Desert Rock: Tribal members push alternatives, Navajo
Nation wants EPA action
By Cornelia de Bruin, Farmington Daily
Times, FEBRUARY 11, 2008
FARMINGTON — Navajo tribal members who
believe their voices are needed in the fight against
the proposed Desert Rock Power Plant their government
supports claim a host of alternatives to burning coal
exist on the Navajo Nation.
The group, called Diné CARE, holds a viewpoint
that is squarely opposite of Desert Rock supporters,
such as project spokesman Frank Maisano, of the Washington,
D.C., law firm Bracewell & Giuliani LLC.
"It's a Navajo project and the
Navajo are choosing to take part of their vast resources,
which include coal, and advance the cause of their people,"
Maisano said. "The plant will generate $50 million
in revenue per year, bring thousands of construction
jobs, 400 permanent jobs and a wealth of indirect benefits."
The massive project, however, is held
up in the federal permitting process. Project developers
hope to begin construction sometime this year near Burnham
in San Juan County.
Diné CARE's recent release of
a report stating its views about the Desert Rock Power
Plant project preceded by less than two weeks letters
from Navajo President Joe Shirley, Jr. and the Bracewell
& Giuliani firm notifying the Environmental Protection
Agency of the tribe's intent to sue to force EPA's release
of its Prevention of Significant Deterioration (air)
permit.
Desert Rock organizers submitted its
air permit application to the EPA in May 2004. A draft
permit was issued in August 2006, followed by a series
of public meetings and hearings.
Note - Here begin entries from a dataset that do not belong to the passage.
lemma pair_conic_if_rich_reducible:
  assumes "q \<noteq> (0, 0, 0, 0, 0, 0)" "6 \<le> card (conic_pts q)" "\<forall>v. qf q v = lin l v * lin l' v"
  shows "conic_of q \<in> pair_conic ` disjoint_line_pairs"
proof -
  let ?L = three_point_lines
  note l = rich_reducible_conic_lines[OF assms]
  obtain s where s: "s \<in> set ?L" "line_pts l = set s"
    using line_pts_eq_three_point_line l by metis
  obtain t where t: "t \<in> set ?L" "line_pts l' = set t"
    using line_pts_eq_three_point_line l by metis
  obtain c where c: "c \<noteq> 0" "l = smult3 c (line_of s)"
    using proportional_line_of[of l s] l s by auto
  obtain c' where c': "c' \<noteq> 0" "l' = smult3 c' (line_of t)"
    using proportional_line_of[of l' t] l t by auto
  have conic: "conic_of q = conic_of (prod_qform (line_of s) (line_of t))"
    using prod_qform_unique[OF assms(3)] c c' by (simp add: prod_qform_smult3 conic_of_qsmult)
  obtain a b where ab: "a < length ?L" "?L ! a = s" "b < length ?L" "?L ! b = t"
    using s(1) t(1) by (meson in_set_conv_nth)
  have disj: "set s \<inter> set t = {}"
    using l(5) s t by simp
  with card_three_point_line[OF s(1)] ab have "a \<noteq> b"
    by auto
  then consider "a < b" | "b < a"
    by linarith
  then show ?thesis
  proof cases
    case 1
    with ab disj have "(a, b) \<in> disjoint_line_pairs"
      by (simp add: disjoint_line_pairs_def)
    with ab conic show ?thesis
      unfolding pair_conic_def by force
  next
    case 2
    with ab disj have "(b, a) \<in> disjoint_line_pairs"
      by (auto simp: disjoint_line_pairs_def)
    with ab conic show ?thesis
      unfolding pair_conic_def by (force simp: prod_qform_commute)
  qed
qed

lemma rich_reducible_if_pair_conic:
  assumes "p \<in> disjoint_line_pairs"
  obtains q where "pair_conic p = conic_of q" "q \<noteq> (0, 0, 0, 0, 0, 0)"
    "6 \<le> card (conic_pts q)" "reducible q"
proof -
  let ?L = three_point_lines
  obtain a b where p: "p = (a, b)" "a < b" "b < length ?L" "set (?L ! a) \<inter> set (?L ! b) = {}"
    using assms by (auto simp: disjoint_line_pairs_def)
  define q where "q = prod_qform (line_of (?L ! a)) (line_of (?L ! b))"
  have "card (conic_pts q) = card (set (?L ! a)) + card (set (?L ! b))"
    using p by (simp add: q_def conic_pts_pair card_Un_disjoint)
  also have "\<dots> = 6"
    using p card_three_point_line[OF nth_mem, of a] card_three_point_line[OF nth_mem, of b]
    by simp
  finally have six: "card (conic_pts q) = 6" .
  have "q \<noteq> (0, 0, 0, 0, 0, 0)"
  proof
    assume "q = (0, 0, 0, 0, 0, 0)"
    then have "conic_pts q = {..<27}"
      by (auto simp: conic_pts_def qf_def)
    with six show False
      by simp
  qed
  moreover have "reducible q"
    unfolding reducible_def q_def using qf_prod_qform by blast
  moreover have "pair_conic p = conic_of q"
    by (simp add: p pair_conic_def q_def)
  ultimately show thesis
    using that six by simp
qed

lemma rich_reducible_conics_eq:
  "{conic_of q | q. q \<noteq> (0, 0, 0, 0, 0, 0) \<and> card {P \<in> sextactic. on_conic q P} \<ge> 6 \<and> reducible q} =
    pair_conic ` disjoint_line_pairs"
  unfolding card_sextactic_on_conic
proof (intro equalityI subsetI)
  fix C
  assume "C \<in> {conic_of q | q. q \<noteq> (0, 0, 0, 0, 0, 0) \<and> 6 \<le> card (conic_pts q) \<and> reducible q}"
  then show "C \<in> pair_conic ` disjoint_line_pairs"
    using pair_conic_if_rich_reducible unfolding reducible_def by blast
next
  fix C
  assume "C \<in> pair_conic ` disjoint_line_pairs"
  then obtain p where p: "p \<in> disjoint_line_pairs" "C = pair_conic p"
    by blast
  then obtain q where "C = conic_of q" "q \<noteq> (0, 0, 0, 0, 0, 0)" "6 \<le> card (conic_pts q)" "reducible q"
    using rich_reducible_if_pair_conic by metis
  then show "C \<in> {conic_of q | q. q \<noteq> (0, 0, 0, 0, 0, 0) \<and> 6 \<le> card (conic_pts q) \<and> reducible q}"
    by blast
qed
EPA officials are still
evaluating and responding to concerns from comments
received at those meetings.
In addition, Desert Rock is awaiting
a final Environmental Impact Statement from the federal
government.
Despite seeming to be new information
submitted at the last minute, Dailan Long, spokesman
for Diné CARE, said the group's 168-page report
is an extension of comment it submitted to EPA in July
2007.
The report, titled "Diné
Citizens Against Ruining the Environment," throws
down the gauntlet to the Nation's elected officials
by using the tribe's fundamental laws to make a case
against the $3.7 billion power plant.
"The fundamental laws are the guiding
post, the guiding principles which have existed since
the dawn of life for us," Long said.
Based on the heart of Navajo culture
The fundamental laws are based on "K'é,"
the Navajo word describing the principle of relations
among the Navajo people, and between individual tribal
members and their environment.
"The Navajo Nation used these laws
to ban uranium mining," Long said. "We assert
that coal extraction and uranium mining are synonymous:
they're equally destructive, so it's not fair to ban
one substance and totally pursue another."
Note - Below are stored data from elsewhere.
text \<open>If \<open>u\<close> is fixed and off the pointwise fixed line \<open>vline (elem 1)\<close>, every line through \<open>u\<close>
  is fixed, being the join of \<open>u\<close> with its meet with that line.\<close>
lemma fixes_point_via_vline_1:
  assumes p: "p \<in> pg_points" and u: "u \<in> pg_points" "p \<noteq> u" "\<sigma> u = u" "\<not> u \<subseteq> vline (elem 1)"
    and l0: "l0 \<in> pg_lines" "p \<subseteq> l0" "\<sigma> l0 = l0" "\<not> u \<subseteq> l0"
  shows "\<sigma> p = p"
proof -
  obtain l where l: "l \<in> pg_lines" "p \<subseteq> l" "u \<subseteq> l" using pg_join_exists[OF p u(1,2)] by blast
  have "l \<noteq> vline (elem 1)" using l(3) u(4) by blast
  then have w: "l \<inter> vline (elem 1) \<in> pg_points"
    using pg_meet_in_pg_points[OF l(1) coordinate_lines_in_pg_lines(3)] by simp
  have "\<sigma> l = l"
    by (rule fixes_join[OF l(1) w u(1)]) (use l u fixes_points_on_vline_1[OF w] in auto)
  moreover have "l \<noteq> l0" using l(3) l0(4) by blast
  ultimately show ?thesis using fixes_meet[OF p l(1) l0(1) _ l(2) l0(2)] l0(3) by blast
qed

lemma fixes_points:
  assumes p: "p \<in> pg_points"
  shows "\<sigma> p = p"
proof (cases "p \<subseteq> line_inf")
  case True
  show ?thesis
    by (rule fixes_point_via_vline_1[OF p, of "aff_pt (elem 0) (elem 0)" line_inf])
      (use True fixes_aff_pt_on_vline_0[OF fixes_vline_0 fixes_hline] fixes_line_inf in
        \<open>auto simp: ix_eq_iff_elem card_ge_5\<close>)
next
  case False
  then obtain x y where xy: "p = aff_pt x y" using pg_point_off_line_inf p by blast
  define y' where "y' = (if y = elem 0 then elem 1 else elem 0)"
  have "y' \<noteq> y" using ix_eq_iff_elem[of 0] card_ge_5 unfolding y'_def by auto
  then show ?thesis
    by (intro fixes_point_via_vline_1[OF p, of "aff_pt (elem 0) y'" "hline y"])
      (use xy fixes_aff_pt_on_vline_0[OF fixes_vline_0 fixes_hline] fixes_hline in
        \<open>auto simp: ix_eq_iff_elem card_ge_5\<close>)
qed

lemma fixes_lines:
  assumes l: "l \<in> pg_lines"
  shows "\<sigma> l = l"
proof -
  obtain p p' where "p \<in> pg_points" "p' \<in> pg_points" "p \<noteq> p'" "p \<subseteq> l" "p' \<subseteq> l"
    using pg_line_two_points[OF l] by metis
  then show ?thesis using fixes_join[OF l] fixes_points by blast
qed

end

context field_indexing
begin

lemma marked_coloring_distinguishing: "distinguishing levi_vertices levi_adj marked_coloring"
  unfolding distinguishing_def
proof (intro allI impI)
  fix \<sigma>
  assume "graph_aut levi_vertices levi_adj \<sigma> \<and>
    (\<forall>i. \<sigma> ` {v \<in> levi_vertices. marked_coloring v = i} = {v \<in> levi_vertices. marked_coloring v = i})"
  then have aut: "graph_aut levi_vertices levi_adj \<sigma>"
    and colors_kept: "\<And>v. v \<in> levi_vertices \<Longrightarrow> marked_coloring (\<sigma> v) = marked_coloring v"
    using color_classes_preserved_iff[of \<sigma> levi_vertices marked_coloring]
    unfolding graph_aut_def by blast+
  have col: "collineation \<sigma>"
    using collineation_of_levi_aut[OF aut marked_coloring_aut_point[OF aut colors_kept]] .
  interpret marked_collineation ix \<sigma>
  proof
    show "collineation \<sigma>" by (rule col)
    show "\<sigma> p \<in> marked_points \<longleftrightarrow> p \<in> marked_points" if "p \<in> pg_points" for p
      using colors_kept[of p] that collineation_point[OF col that]
      unfolding levi_vertices_def marked_coloring_def by (auto split: if_splits)
    show "\<sigma> l \<in> marked_lines \<longleftrightarrow> l \<in> marked_lines" if "l \<in> pg_lines" for l
      using colors_kept[of l] that collineation_line[OF col that] pg_point_not_line
      unfolding levi_vertices_def marked_coloring_def by (auto split: if_splits)
  qed
  show "\<forall>v\<in>levi_vertices. \<sigma> v = v"
    unfolding levi_vertices_def using fixes_points fixes_lines by blast
qed
(* Let $t\in\mathbb{R}$ and $u\in\mathbb{R}\setminus\{0,1\}$. Then $\mathfrak{g}_{t,u}\in\mathcal{P}^s_{4,4}$ if and only if $V_F(t,\omega(u))\ge0$. Moreover $-\mathfrak{g}_{t,u}\notin\mathcal{P}^s_{4,4}$.
   Context: Variables $a,b,c,d$. Put $s_0=a^4+b^4+c^4+d^4-4abcd$; $s_1=T_{3,1}-12abcd$ with $T_{3,1}=\sum_{i\ne j}x_i^3x_j$; $s_2=\sum_{i<j}x_i^2x_j^2-6abcd$; $s_3=T_{2,1,1}-12abcd$ with $T_{2,1,1}=\sum_i x_i^2\sum_{j<k,\ j,k\ne i}x_jx_k$; $s_4=abcd$ (here $(x_1,x_2,x_3,x_4)=(a,b,c,d)$). Let $\omega(u)=u+\frac1u-2$ and $p^G_0(t,w)=(4t+2)w^2-3(t-1)^2w$, $p^G_1(t,w)=-2(t+1)^2w^2+2(t+1)(t-1)^2w$, $p^G_2(t,w)=4t^2w^2-2(t-1)^2(2t-1)w+2(t-1)^4$, $p^G_3(t,w)=2(t+1)^2w^2-(t-1)^2(t^2+3)w-2(t-1)^4$, $p^G_4(t,w)=2(t-1)^4w^2$, and for $u\ne0$, $\mathfrak{g}_{t,u}=u^2\sum_{i=0}^4p^G_i(t,\omega(u))s_i$. Let $V_F(t,w)=(3+6t-t^2)w^2-6(t-1)^2w$. $\mathcal{P}^s_{4,4}$ is the cone of symmetric real quartic forms in $a,b,c,d$ that are nonnegative on $\mathbb{R}^4$. *)

theory Defs
  imports "HOL-Analysis.Analysis" "HOL-Combinatorics.Permutations"
begin

type_synonym form4 = "real \<Rightarrow> real \<Rightarrow> real \<Rightarrow> real \<Rightarrow> real"

definition s0 :: form4 where
  "s0 a b c d = a^4 + b^4 + c^4 + d^4 - 4*a*b*c*d"

definition T31 :: form4 where
  "T31 a b c d = a^3*(b+c+d) + b^3*(a+c+d) + c^3*(a+b+d) + d^3*(a+b+c)"

definition s1 :: form4 where
  "s1 a b c d = T31 a b c d - 12*a*b*c*d"

definition s2 :: form4 where
  "s2 a b c d = a^2*b^2 + a^2*c^2 + a^2*d^2 + b^2*c^2 + b^2*d^2 + c^2*d^2 - 6*a*b*c*d"

definition T211 :: form4 where
  "T211 a b c d = a^2*(b*c + b*d + c*d) + b^2*(a*c + a*d + c*d)
                + c^2*(a*b + a*d + b*d) + d^2*(a*b + a*c + b*c)"

definition s3 :: form4 where
  "s3 a b c d = T211 a b c d - 12*a*b*c*d"

definition s4 :: form4 where
  "s4 a b c d = a*b*c*d"

definition omega :: "real \<Rightarrow> real" where
  "omega u = u + 1/u - 2"

definition pG0 :: "real \<Rightarrow> real \<Rightarrow> real" where
  "pG0 t w = (4*t+2)*w^2 - 3*(t-1)^2*w"
definition pG1 :: "real \<Rightarrow> real \<Rightarrow> real" where
  "pG1 t w = -2*(t+1)^2*w^2 + 2*(t+1)*(t-1)^2*w"
definition pG2 :: "real \<Rightarrow> real \<Rightarrow> real" where
  "pG2 t w = 4*t^2*w^2 - 2*(t-1)^2*(2*t-1)*w + 2*(t-1)^4"
definition pG3 :: "real \<Rightarrow> real \<Rightarrow> real" where
  "pG3 t w = 2*(t+1)^2*w^2 - (t-1)^2*(t^2+3)*w - 2*(t-1)^4"
definition pG4 :: "real \<Rightarrow> real \<Rightarrow> real" where
  "pG4 t w = 2*(t-1)^4*w^2"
With that assertion, Diné CARE
has set the table and invites its tribal government
to discuss the issues of alternative energy in light
of the tribe's fundamental laws.
"We consulted with the Center for
Diné Studies, the Diné Policy Institute,
the Navajo Medicine Man Association and even the peacemaking
program," Long said. "We talk about the significance
of water, the significance of air, how we conceptualize
the health and environment, and how solar, wind and
energy development comport with these fundamental laws.
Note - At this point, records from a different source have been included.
(* Let $T$ be a tree on $n\ge3$ vertices, let $M$ be its order-$4$ Steiner distance hypermatrix, and let $A=\frac{2}{n}J_n-I_n$. Define the order-$4$ multilinear forms $C_1(\mathbf{x}_1,\mathbf{x}_2,\mathbf{x}_3,\mathbf{x}_4)=M(\mathbf{x}_1,\mathbf{x}_2,\mathbf{x}_3,A\mathbf{x}_4)$ and $C_3(\mathbf{x}_1,\mathbf{x}_2,\mathbf{x}_3,\mathbf{x}_4)=M(\mathbf{x}_1,A\mathbf{x}_2,A\mathbf{x}_3,A\mathbf{x}_4)$. Then $C_1+C_3$ is positive definite: $(C_1+C_3)(\mathbf{v},\mathbf{v},\mathbf{v},\mathbf{v})>0$ for every nonzero $\mathbf{v}\in\mathbb{R}^n$.
   Context: $T$ is a tree with vertex set $\{1,\dots,n\}$. For $U\subseteq V(T)$, the Steiner distance $S(U)$ is the minimum number of edges of a connected subgraph of $T$ whose vertex set contains $U$. The order-$4$ Steiner distance hypermatrix $M$ has entries $M_{(i_1,\dots,i_4)}=S(\{i_1,\dots,i_4\})$, and $M(\mathbf{x}_1,\dots,\mathbf{x}_4)=\sum_{\mathbf{i}\in V(T)^4}M_{\mathbf{i}}\prod_{j=1}^4 x_{j i_j}$. $J_n$ is the $n\times n$ all-ones matrix and $I_n$ the identity matrix. *)

theory Defs
  imports "HOL-Analysis.Analysis"
begin

text \<open>Simple graphs on a vertex set given by an edge set E of 2-element vertex sets.\<close>

definition adj_rel :: "'a set set \<Rightarrow> ('a \<times> 'a) set" where
  "adj_rel F = {(a, b). {a, b} \<in> F}"

definition connected_on :: "'a set \<Rightarrow> 'a set set \<Rightarrow> bool" where
  "connected_on W F \<longleftrightarrow> (\<forall>a\<in>W. \<forall>b\<in>W. (a, b) \<in> (adj_rel F)\<^sup>*)"

definition has_cycle :: "'a set set \<Rightarrow> bool" where
  "has_cycle E \<longleftrightarrow> (\<exists>cs. length cs \<ge> 3 \<and> distinct cs \<and>
      (\<forall>i < length cs - 1. {cs ! i, cs ! Suc i} \<in> E) \<and> {last cs, hd cs} \<in> E)"

definition is_tree :: "'a set \<Rightarrow> 'a set set \<Rightarrow> bool" where
  "is_tree V E \<longleftrightarrow> (\<forall>e\<in>E. card e = 2 \<and> e \<subseteq> V) \<and> connected_on V E \<and> \<not> has_cycle E"
(* Let $L_n:=|C(X_1^n)|$. As $t\to\infty$, \[\frac32(2t+1)-\mathbb E[L_{2t+1}]\ge\Bigl(\frac{1}{18\sqrt\pi}+o(1)\Bigr)t^{-1/2},\qquad \frac32(2t)-\mathbb E[L_{2t}]\ge\Bigl(\frac{1}{9\sqrt\pi}+o(1)\Bigr)t^{-1/2}.\] In particular, for every fixed $0<c<\frac{\sqrt2}{18\sqrt\pi}$ there exists $n_0(c)\in\mathbb N$ such that $\mathbb E[|C(X_1^n)|]\le\frac32n-\frac{c}{\sqrt n}$ for all $n\ge n_0(c)$.
   Context: Let $\mathcal X=\{A,B,C,D\}$ and let $(X_i)_{i\ge1}$ be the first-order Markov chain on $\mathcal X$ with $\mathbb P(X_1=x)=1/4$ for all $x$ and transitions: from $A$ to $A$ or $C$ w.p. $1/2$ each; from $B$ to $B$ or $D$ w.p. $1/2$ each; from $C$ and from $D$ to each of $A,B,C,D$ w.p. $1/4$. A nonempty string is admissible if all consecutive transitions have positive probability; $\mathcal A$ is the set of admissible nonempty strings; $K(u):=-\log_2\mathbb P(X_1^m=u)$ for $u=x_1^m\in\mathcal A$. Shortlex source code $C:\mathcal A\to\{0,1\}^+$: order nonempty binary strings by length then lexicographically as $b_1,b_2,\dots$; order $\mathcal A$ as $u_1,u_2,\dots$ by increasing $K$, then increasing length, then lexicographically with $A<B<C<D$; set $C(u_j):=b_j$ (the code $C$ is distinct from the symbol $C$). $|w|$ is the length of a binary string $w$. *)

theory Defs
  imports Complex_Main
begin

datatype sym = SA | SB | SC | SD

fun trans :: "sym \<Rightarrow> sym \<Rightarrow> real" where
  "trans SA y = (if y = SA \<or> y = SC then 1/2 else 0)"
| "trans SB y = (if y = SB \<or> y = SD then 1/2 else 0)"
| "trans SC y = 1/4"
| "trans SD y = 1/4"

fun tprod :: "sym list \<Rightarrow> real" where
  "tprod (x # y # xs) = trans x y * tprod (y # xs)"
| "tprod _ = 1"

text \<open>P(X_1^m = u), with uniform initial distribution.\<close>
definition Pstr :: "sym list \<Rightarrow> real" where
  "Pstr u = (if u = [] then 0 else (1/4) * tprod u)"

definition admissible :: "sym list \<Rightarrow> bool" where
  "admissible u \<longleftrightarrow> u \<noteq> [] \<and> (\<forall>i. Suc i < length u \<longrightarrow> trans (u ! i) (u ! Suc i) > 0)"

definition K :: "sym list \<Rightarrow> real" where
  "K u = - log 2 (Pstr u)"

fun sym_idx :: "sym \<Rightarrow> nat" where
  "sym_idx SA = 0" | "sym_idx SB = 1" | "sym_idx SC = 2" | "sym_idx SD = 3"

definition code_prec :: "sym list \<Rightarrow> sym list \<Rightarrow> bool" where
  "code_prec v u \<longleftrightarrow> K v < K u \<or> (K v = K u \<and> (length v < length u \<or>
     (length v = length u \<and> (map sym_idx v, map sym_idx u) \<in> lexord {(a, b). a < b})))"

text \<open>Number of admissible strings before u (u = u_j iff rank u = j - 1).\<close>
definition rank :: "sym list \<Rightarrow> nat" where
  "rank u = card {v. admissible v \<and> code_prec v u}"

definition bin_prec :: "bool list \<Rightarrow> bool list \<Rightarrow> bool" where
  "bin_prec w' w \<longleftrightarrow> length w' < length w \<or>
     (length w' = length w \<and> (map of_bool w' :: nat list, map of_bool w) \<in> lexord {(a, b). a < b})"

text \<open>The shortlex source code: C(u_j) = b_j.\<close>
definition code :: "sym list \<Rightarrow> bool list" where
  "code u = (THE w. w \<noteq> [] \<and> card {w'. w' \<noteq> [] \<and> bin_prec w' w} = rank u)"

definition EL :: "nat \<Rightarrow> real" where
  "EL n = (\<Sum>u\<in>{u. length u = n \<and> admissible u}. Pstr u * real (length (code u)))"

end

theory Submission
  imports Defs "HOL-Library.List_Lexorder" "HOL-Analysis.Gamma_Function"
begin

(* For an admissible string u, K u is the integer info u: two bits for the first symbol, then
   one bit per transition out of A or B and two bits per transition out of C or D. The shortlex
   codeword of the string of rank r has length floor (log2 (r + 2)), so |C u| <= K u, with
   |C u| <= K u - 1 as long as fewer than 2 ^ K u - 2 strings precede u. Counting the strings of
   smaller information shows that in the class of strings of length n and information k a
   probability mass of at least savings n k = max 0 (min (info_prob n k) (spare n k)) receives
   such a shortened codeword; hence E L_n <= E K(X_1^n) - (sum over k of savings n k), where
   E K(X_1^n) = 3n/2 + 1/2. Both info_prob and spare satisfy
   f (n + 1) k = (f n (k - 1) + f n (k - 2)) / 2, which determines spare near the diagonal
   k = 3n/2: the savings are at least 1/2 + X_t/2 for n = 2t and 1/2 + X_t/4 for n = 2t + 1,
   where X_t = spare (2t) (3t) obeys X_(t+1) = b_t/4 - X_t/8 with b_t = (2t choose t) / 4^t.
   Thus X_t ~ 2 b_t / 9, and b_t ~ 1 / sqrt (pi t) by Wallis' product. *)

section \<open>Information content of admissible strings\<close>

fun weight :: "sym \<Rightarrow> nat" where
  "weight SA = 1" | "weight SB = 1" | "weight SC = 2" | "weight SD = 2"

fun info :: "sym list \<Rightarrow> nat" where
  "info [] = 0"
| "info [x] = 2"
| "info (x # y # r) = weight x + info (y # r)"

lemma UNIV_sym: "(UNIV :: sym set) = {SA, SB, SC, SD}"
  using sym.exhaust by auto

lemma trans_pos_eq: "trans x y > 0 \<Longrightarrow> trans x y = (1/2) ^ weight x"
  by (cases x; cases y; simp add: power2_eq_square)

lemma admissible_singleton [simp]: "admissible [x]"
  by (simp add: admissible_def)

lemma admissible_nonempty: "admissible u \<Longrightarrow> u \<noteq> []"
  by (simp add: admissible_def)

lemma admissible_Cons_Cons:
  "admissible (x # y # r) \<longleftrightarrow> trans x y > 0 \<and> admissible (y # r)"
  unfolding admissible_def by (auto simp: less_Suc_eq_0_disj)

lemma Pstr_eq_info: "admissible u \<Longrightarrow> Pstr u = (1/2) ^ info u"
proof (induction u rule: info.induct)
  case (3 x y r)
  then have "trans x y = (1/2) ^ weight x" "Pstr (y # r) = (1/2) ^ info (y # r)"
    by (simp_all add: admissible_Cons_Cons trans_pos_eq)
  then show ?case by (simp add: Pstr_def power_add)
qed (auto simp: admissible_def Pstr_def power2_eq_square)

lemma K_eq_info: "admissible u \<Longrightarrow> K u = real (info u)"
  by (simp add: K_def Pstr_eq_info power_one_over log_divide)

lemma info_bounds: "u \<noteq> [] \<Longrightarrow> length u < info u \<and> info u \<le> 2 * length u"
proof (induction u rule: info.induct)
  case (3 x y r) then show ?case by (cases x) auto
qed auto

section \<open>Counting admissible strings by information\<close>

definition info_level :: "(nat \<Rightarrow> bool) \<Rightarrow> nat \<Rightarrow> sym list set" where
  "info_level P k = {u. admissible u \<and> P (length u) \<and> info u = k}"

lemma finite_info_below: "finite {u. admissible u \<and> info u < k}"
proof (rule finite_subset)
  show "{u. admissible u \<and> info u < k} \<subseteq> {xs. set xs \<subseteq> UNIV \<and> length xs \<le> k}"
    by (auto dest!: admissible_nonempty info_bounds)
  show "finite {xs. set xs \<subseteq> (UNIV :: sym set) \<and> length xs \<le> k}"
    by (rule finite_lists_length_le) (simp add: UNIV_sym)
qed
It's very much from a Navajo perspective."
The fundamental laws state that the
Navajo, the Diné, are responsible for maintaining
"Hozhó," harmony, in their lives, the
report's introduction states.
"Everything comes in pairs and
bipolar opposites counterbalance each other as insinuated
within the Navajo concept of "Alch'i Silá,"
it states. "The definition implicates Mother/Father,
male/female, up/down, Earth and Sky; these opposites
are not mutually exclusive but they related to each
other and are interconnected to maintain equilibrium."
The state of balance resulting from
living in accordance to the laws leads to "k'é;
that everything relates to another and nothing is independent
in and of itself."
"We have not seen it," George
Hardeen, spokesman for Navajo Nation President Joe Shirley
Jr., said regarding the Diné CARE report. "They've
been invited to the table and they are the ones who
walked out."
Hardeen referred to the Dooda Desert
Rock group that has also protested the power plant project.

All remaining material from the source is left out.